Шизоидное развитие христианства может быть прослежено, в сущности, на примере трех основных процессов: во-первых, это пре­вращение религии из образа жизни общин в метафизическое гала-представление, устраиваемое господствующими властями, то есть возникновение религиозной политики; во-вторых, это создание ду­ховных администраций в форме папской, епископской и монастырс­кой (аббат, приор) властей; в-третьих, это насильственная и поверх­ностная христианизация широких народных масс. Так же трояко представлено и киническое ядро христианства, которое еще во вре­мена христианских властей противостояло чистой, ничем не при­крытой власти и пыталось жить, преодолевая разорванность: во-первых, оно представлено в великих движениях монашеских орде­нов Запада, которые со времен Бенедикта Нурсийского практиковали соединение молитвы с трудом, а позднее - ив созерцательных и аскетических волнах позднего Средневековья; во-вторых - в дви­жениях еретиков, которые неустанно требовали воплощения христи­анской заповеди любви и часто становились мучениками - жертва­ми "христианских" преследований христиан; в-третьих, в попытках некоторых христианских монархов преодолеть противоречия между светской "должностью" и христианским учением, практикуя гума­низм правителя,- причем представлялось совершенно неясным, насколько эти попытки могли оказаться удачными. Уже Карл Вели­кий, взяв на вооружение христианство, цинически безжалостно про­водил религиозную политику франкского империализма, по причи­не чего его с полным правом именуют отцом Запада. Отгоны и пред­ставители Франконской династии развили механику политического властвования через посредство людей церкви настолько, что при них епископы стали столпами немецкой имперской политики (ср. импер­ские программы позднего Средневековья, христианизированные и германизированные идею империи и идею императора, а также схват­ку за власть между монархией и папством).
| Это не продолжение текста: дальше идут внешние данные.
(* There is a comonad in Kleisli form $(\mathbb{H}, \varepsilon, (\cdot)^* )$ on the category $\mathsf{HGraph}$ of hypergraphs. The counit is defined on representatives by $\varepsilon([p,a]) = a$. Coextension of a hypergraph morphism $h:\mathbb{H}\mathcal{H}_1\to\mathcal{H}_2$ is defined on representatives by \[ h^*([[U_1,\ldots,U_n], a]) = [[V_1,\ldots,V_n], h([[U_1,\ldots,U_n], a])] \] where $V_j = \{ h([[U_1,\ldots,U_j], b]) \mid b \in U_j \}$ for $1 \leq j \leq n$.
   Context: A hypergraph $(V,E)$ consists of a set $V$ of vertices and a family $E$ of finite subsets of $V$ (hyperedges); a morphism is a function on vertices mapping hyperedges to hyperedges. For a hypergraph, a focussed play is $\langle p,a\rangle$ with $p=[U_1,\ldots,U_n]$ a non-empty list of hyperedges and $a\in U_n$. Define $\langle p,a\rangle\sim\langle q,a'\rangle$ iff $a=a'$, the greatest common prefix $p\sqcap q$ is non-empty, and $a$ belongs to the last hyperedge of every play on the prefix-order paths from $p\sqcap q$ to $p$ and to $q$; $[p,a]$ denotes the equivalence class. $\mathbb{H}(V,E)$ has vertices the classes $[p,a]$ and hyperedges the sets $\{[p,a]\mid a\in U\}$ for a play $p$ with last element $U \in E$. *)

theory Defs
  imports Main "HOL-Library.Sublist"
begin

type_synonym 'a hgraph = "'a set \<times> 'a set set"

definition hypergraph :: "'a hgraph \<Rightarrow> bool" where
  "hypergraph G \<longleftrightarrow> (\<forall>U\<in>snd G. finite U \<and> U \<subseteq> fst G)"

definition hmorph :: "'a hgraph \<Rightarrow> 'b hgraph \<Rightarrow> ('a \<Rightarrow> 'b) \<Rightarrow> bool" where
  "hmorph G1 G2 f \<longleftrightarrow> f ` fst G1 \<subseteq> fst G2 \<and> (\<forall>U\<in>snd G1. f ` U \<in> snd G2)"

definition fplay :: "'a set set \<Rightarrow> 'a set list \<Rightarrow> 'a \<Rightarrow> bool" where
  "fplay E p a \<longleftrightarrow> p \<noteq> [] \<and> set p \<subseteq> E \<and> a \<in> last p"

definition play_sim :: "'a set list \<times> 'a \<Rightarrow> 'a set list \<times> 'a \<Rightarrow> bool" where
  "play_sim x y \<longleftrightarrow>
     (let p = fst x; a = snd x; q = fst y; a' = snd y; r = longest_common_prefix p q in
       a = a' \<and> r \<noteq> [] \<and>
       (\<forall>s. prefix r s \<and> prefix s p \<longrightarrow> a \<in> last s) \<and>
       (\<forall>s. prefix r s \<and> prefix s q \<longrightarrow> a \<in> last s))"

definition pcls :: "'a set set \<Rightarrow> 'a set list \<Rightarrow> 'a \<Rightarrow> ('a set list \<times> 'a) set" where
  "pcls E p a = {(q, b). fplay E q b \<and> play_sim (p, a) (q, b)}"

definition HH :: "'a hgraph \<Rightarrow> ('a set list \<times> 'a) set hgraph" where
  "HH G = ({pcls (snd G) p a | p a. fplay (snd G) p a},
           {{pcls (snd G) p a | a. a \<in> last p} | p. p \<noteq> [] \<and> set p \<subseteq> snd G})"

definition counit :: "('a set list \<times> 'a) set \<Rightarrow> 'a" where
  "counit c = snd (SOME x. x \<in> c)"

text \<open>The plays [V_1,...,V_n] in the coextension formula, for the play p = [U_1,...,U_n].\<close>
definition coext_list :: "'a set set \<Rightarrow> (('a set list \<times> 'a) set \<Rightarrow> 'b) \<Rightarrow> 'a set list \<Rightarrow> 'b set list" where
  "coext_list E1 h p = map (\<lambda>j. {h (pcls E1 (take (Suc j) p) b) | b. b \<in> p ! j}) [0..<length p]"
lemma LT_word_word_le:
  assumes "\<And>i j. i \<in> set u \<Longrightarrow> j \<in> set u \<Longrightarrow> i \<noteq> j \<Longrightarrow> LCS (P i) (P j) \<le> B"
  shows "LT_word word \<le> (2 * length u - 1) * B + k * LT_word u"
proof (rule LT_word_le)
  fix I J assume "twins word I J"
  then have I: "I \<subseteq> {..<length word}" and J: "J \<subseteq> {..<length word}"
    and "I \<inter> J = {}" and "nths word I = nths word J"
    unfolding twins_def by auto
  define xs where "xs = sorted_list_of_set I"
  define ys where "ys = sorted_list_of_set J"
  have "finite I" "finite J" using I J finite_subset by auto
  then have "set xs = I" "set ys = J" "sorted_wrt (<) xs" "sorted_wrt (<) ys" "card I = length xs"
    unfolding xs_def ys_def by auto
  moreover have "map (nth word) xs = map (nth word) ys"
    using \<open>nths word I = nths word J\<close> nths_eq_map_nth_sorted_list_of_set[OF I]
      nths_eq_map_nth_sorted_list_of_set[OF J]
    unfolding xs_def ys_def by simp
  ultimately show "card I \<le> (2 * length u - 1) * B + k * LT_word u"
    using length_twin_positions_le[OF _ _ _ _ _ _ assms, of xs ys] I J \<open>I \<inter> J = {}\<close> by auto
qed

end

lemma LT_attained:
  assumes "LT k n \<le> enat A"
  obtains w where "w \<in> words k n" and "LT_word w \<le> A"
proof -
  have "(\<lambda>w. enat (LT_word w)) ` words k n \<noteq> {}"
    using assms unfolding LT_def by (auto simp: top_enat_def)
  then have "LT k n \<in> (\<lambda>w. enat (LT_word w)) ` words k n"
    unfolding LT_def by (auto intro: wellorder_InfI)
  then show ?thesis using assms that by auto
qed

lemma finite_perms: "finite (perms k)"
proof -
  have "perms k \<subseteq> {xs. set xs \<subseteq> {1..k} \<and> length xs = k}"
    unfolding perms_def by (auto dest: distinct_card)
  then show ?thesis using finite_lists_length_eq[of "{1..k}" k] finite_subset by blast
qed

lemma LCS2_attained:
  assumes "LCS2 K k \<le> enat B"
  obtains P where "\<And>i. i \<in> {1..K} \<Longrightarrow> P i \<in> perms k"
    and "\<And>i j. i \<in> {1..K} \<Longrightarrow> j \<in> {1..K} \<Longrightarrow> i \<noteq> j \<Longrightarrow> LCS (P i) (P j) \<le> B"
proof -
  let ?max_LCS = "\<lambda>S. Sup {enat (LCS p q) | p q. p \<in> S \<and> q \<in> S \<and> p \<noteq> q}"
  define X where "X = {?max_LCS S | S. S \<subseteq> perms k \<and> card S = K}"
  have LCS2_eq: "LCS2 K k = Inf X" unfolding LCS2_def X_def ..
  have "X \<noteq> {}"
  proof
    assume "X = {}"
    then show False using assms LCS2_eq by (simp add: top_enat_def)
  qed
  then have "Inf X \<in> X" by (auto intro: wellorder_InfI)
  then obtain S where S: "S \<subseteq> perms k" "card S = K" "?max_LCS S \<le> enat B"
    using assms LCS2_eq unfolding X_def by auto
  obtain h where h: "bij_betw h {1..K} S"
    using ex_bij_betw_nat_finite_1[OF finite_subset[OF S(1) finite_perms]] S(2) by auto
  show ?thesis
  proof
    show "h i \<in> perms k" if "i \<in> {1..K}" for i
      using h S(1) that bij_betwE by blast
    show "LCS (h i) (h j) \<le> B" if "i \<in> {1..K}" "j \<in> {1..K}" "i \<noteq> j" for i j
    proof -
      have "h i \<noteq> h j"
        using that inj_on_eq_iff[OF bij_betw_imp_inj_on[OF h]] by blast
      moreover have "h i \<in> S" "h j \<in> S"
        using h that bij_betwE by blast+
      ultimately
      have "enat (LCS (h i) (h j)) \<le> ?max_LCS S" by (intro Sup_upper) blast
      then have "enat (LCS (h i) (h j)) \<le> enat B" using S(3) by (rule order_trans)
      then show ?thesis by simp
    qed
  qed
qed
Семь великих европейских крестовых походов можно понять, пожалуй, только с учетом существования этого фона. То, что проис­ходило между 1096 и 1270 годами под названием "Croisade"*, пред­ставляет собой попытку христианизированных феодальных властей выплеснуть наружу ставший невыносимым господский цинизм их собственного сознания. По прошествии столетий христианизации религиозные заповеди сформировали у правящих военно-аристокра­тических слоев фундамент их внутреннего мира, в результате чего противоречие между христианской заповедью любви и феодальной воинской этикой стало просто жгучим и разрывающим их сознание. Невыносимость этого противоречия - которое теперь превратилось в противоречие внутреннее - объясняет ту силу, с которой на про­тяжении веков европейская энергия могла выливаться в патологичес­кую идею крестового похода. Крестовые походы, провозглашенные священными войнами, были социально-психологическими взрывами

протофашистского свойства. Они представляли собой канал для выхода тех энергий, которые накапливались при конфликте двух взаимоисключающих этик в индивидуальной и коллективной душе. В священной войне из не дающего жить противостояния религии любви и этики геройства возникает вполне позволяющий жить при­зыв: "Этого хочет Бог!" В этой фикции нашли свою разрядку мощ­ные противоречия на удивление потомкам, которые не могут отыс­кать ни военных, ни экономических, ни религиозных резонов в не­сказанных лишениях и проявлениях отваги во времена крестовых походов. Идея крестового похода - наряду с преследованиями ведьм, антисемитизмом и фашизмом - представляет один из наи­более впечатляющих примеров того, как одна официально провоз­глашаемая, коллективная безумная идея способна "снять" индиви­дуальное безумие у бесчисленных отдельных людей, души которых раздираемы конфликтом между религией любви и милитаризмом. С 1096 года священная война выполняла в западных цивилизациях роль клапана для выпуска излишнего пара; под давлением собствен­ных внутренних противоречий и безумств с этого момента начинают искать внешнего сатанинского врага и ведут против него самые что ни на есть священнейшие войны. Психограмма христианских циви­лизаций включает в себя риск этого протофашизма; в кризисные вре­мена, когда ощутимо обостряется жизненная непереносимость этих противоположных этических запрограммированностей, регулярно наступает момент, когда это давление вырывается наружу. То, что преследования евреев в Рейнской области начались одновременно с крестовыми походами, подчеркивает существование связи между этими различными феноменами из области патологии культуры. Евреи, еретики, ведьмы, иноверцы, красные - все это жертвы того фронта, который первоначально формируется внутри, в душе и про­является во время шизоидных периодов "повышенного давления", когда "охватывающая все общество иррациональность" противо­положных этик ищет своей выход наружу.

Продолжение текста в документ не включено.